(* Consider the algorithm described in the context, where $\psi$ can be truncated. Assume: (A.1) $\psi$ is bounded from below; (A.2) whenever $g(x)\ne0$, there exist $r,\epsilon>0$ with $\|g(y)\|\ge\epsilon$ for all $y\in B_r(x)$; (B.1) there is $R>0$ with $\{x^k\}\subseteq B_R(0)$; (B.2) there is $\kappa_B>0$ with $\sup_k\|B^k\|\le\kappa_B$; (B.3) for every subsequence $\{k_\ell\}$ such that $\{x^{k_\ell}\}$ converges and $\alpha_{k_\ell}\to0$, $\psi(x^{k_\ell}+\alpha_{k_\ell}\bar s^{k_\ell})-\psi(x^{k_\ell})-\alpha_{k_\ell}\psi'(x^{k_\ell};\bar s^{k_\ell})=o(\alpha_{k_\ell})$ as $\ell\to\infty$; (B.4) for every $\epsilon>0$ there is $\epsilon'>0$ such that $\Gamma(x^k)\ge\epsilon$ implies $\Gamma(x^k,\bar s^k)\ge\epsilon'$. Suppose the algorithm does not terminate after finitely many steps and the generated sequence $\{x^k\}$ has an accumulation point $x^*$. Then $x^*$ is a stationary point, i.e. $0\in\partial\psi(x^* )$.
   Context: Problem: minimize $\psi=f+\varphi$ where $f:\mathbb{R}^n\to\mathbb{R}$ is continuously differentiable and $\varphi:\mathbb{R}^n\to\mathbb{R}$ is convex. Notation: $\|\cdot\|$ Euclidean norm (Frobenius for matrices), $B_r(x)$ open ball, $\bar v=v/\|v\|$, $\psi'(x;d)$ directional derivative, $\partial\psi(x)=\nabla f(x)+\partial\varphi(x)$; $x$ is stationary if $0\in\partial\psi(x)$. Pseudo-gradient: $g(x)=u(x)d(x)$ where, for non-stationary $x$, $\|d(x)\|=1$, $\psi'(x;d(x))<0$, $u(x)\in[\psi'(x;d(x)),0)$, and for stationary $x$, $d(x)=0$, $u(x)=0$. Safeguards: for $\|d\|=1$, $\Gamma_{\max}(x,d)=\sup\{T>0: t\mapsto\psi(x+td)\text{ is } C^1\text{ on }(0,T)\}$, $\Gamma(x)=\inf_{\|d\|=1}\Gamma_{\max}(x,d)$; a stepsize safeguard $(x,d)\mapsto\Gamma(x,d)\in(0,\infty]$ is fixed. Truncation: $\psi$ can be truncated with data $\mathbb{R}^n=S_0\supset\cdots\supset S_m$, $\delta\in(0,\infty]$, $\kappa>0$, $T:\mathbb{R}^n\times(0,\delta]\to\mathbb{R}^n$ meaning (i) $\Gamma(x)\ge\delta$ on $S_m$; (ii) for $a\in(0,\delta]$, $x\in S_i\setminus S_{i+1}$, $i<m$: if $\Gamma(x)\ge a$ then $T(x,a)=x$, else $T(x,a)\in S_{i+1}$, $\Gamma(T(x,a))\ge a$, $\|T(x,a)-x\|\le\kappa a$. Put $S_{m+1}=\emptyset$. Algorithm: parameters $0<\eta<\eta_1<\eta_2<1$, $0<r_1<1<r_2$, $\Delta_{\max}>0$, $\gamma_1,\gamma_2>0$, a positive strictly decreasing summable sequence $(\epsilon_s)$ with $\epsilon_s\le\delta$, a nonincreasing $\ell:(0,\infty)\to[0,\frac12]$ with $\ell(\Delta)\to0$ as $\Delta\to0^+$; start $x^0$, $\Delta_0>0$, counters $c_0=\dots=c_m=0$. Iteration $k$: $g^k=g(x^k)$; stop if $g^k=0$. Choose $B^k\in\mathbb{R}^{n\times n}$, model $m_k(s)=\psi(x^k)+\langle g^k,s\rangle+\frac12\langle s,B^ks\rangle$, Cauchy point $s^k_C=-\alpha^C_kg^k$ with $\alpha^C_k\in\arg\min_{0\le t\le\Delta_k/\|g^k\|}m_k(-tg^k)$. Choose $s^k$, $\|s^k\|\le\Delta_k$, with $m_k(0)-m_k(s^k)\ge\frac{\gamma_1}{2}\|g^k\|\min\{\Delta_k,\gamma_2\|g^k\|\}$ and $m_k(0)-m_k(s^k)\ge(1-\ell(\|s^k\|))(m_k(0)-m_k(s^k_C))$. Let $\rho^1_k=\frac{\psi(x^k)-\psi(x^k+s^k)}{m_k(0)-m_k(s^k)}$. If $\rho^1_k\ge\eta_1$: $\tilde x^k=x^k+s^k$, $\Delta_{k+1}=\min\{\Delta_{\max},r_2\Delta_k\}$ if $\rho^1_k>\eta_2$ and $\Delta_{k+1}=\Delta_k$ otherwise. Stepsize computation (performed for the analysis in every iteration, used by the algorithm when $\rho^1_k<\eta_1$): $\alpha_k=\min\{\Gamma(x^k,\bar s^k),\|s^k\|\}$; if $m_k(0)-m_k(\alpha_k\bar s^k)<\frac{\alpha_k}{2\|s^k\|}(m_k(0)-m_k(s^k))$, replace $s^k$ by $s^k_C$ and $\alpha_k=\min\{\Gamma(x^k,\bar s^k_C),\|s^k_C\|\}$; $\rho^2_k=\frac{\psi(x^k)-\psi(x^k+\alpha_k\bar s^k)}{m_k(0)-m_k(\alpha_k\bar s^k)}$. If $\rho^1_k<\eta_1$: $\Delta_{k+1}=r_1\Delta_k$ if $\rho^2_k<\eta_1$, $=\min\{\Delta_{\max},r_2\Delta_k\}$ if $\rho^2_k>\eta_2$, $=\Delta_k$ otherwise; $\tilde x^k=x^k+\alpha_k\bar s^k$ if $\rho^2_k\ge\eta$ and $\tilde x^k=x^k$ otherwise. Truncation step: set $\tilde x=\tilde x^k$ and repeat {find $i$ with $\tilde x\in S_i\setminus S_{i+1}$; if $\Gamma(\tilde x)<\epsilon_{c_i}$ set $\tilde x\leftarrow T(\tilde x,\epsilon_{c_i})$, $c_i\leftarrow c_i+1$; else stop}; $x^{k+1}=\tilde x$. Here $\alpha_k,\bar s^k$ denote the quantities of the stepsize computation. *)

theory Defs
  imports "HOL-Analysis.Analysis" "HOL-Library.Landau_Symbols"
begin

> [What to produce]: Repeat exactly the lines from the line containing "theory Defs" through the last line of the records above, including both, and nothing else.

> [Result of the task]:
theory Defs
  imports "HOL-Analysis.Analysis" "HOL-Library.Landau_Symbols"
begin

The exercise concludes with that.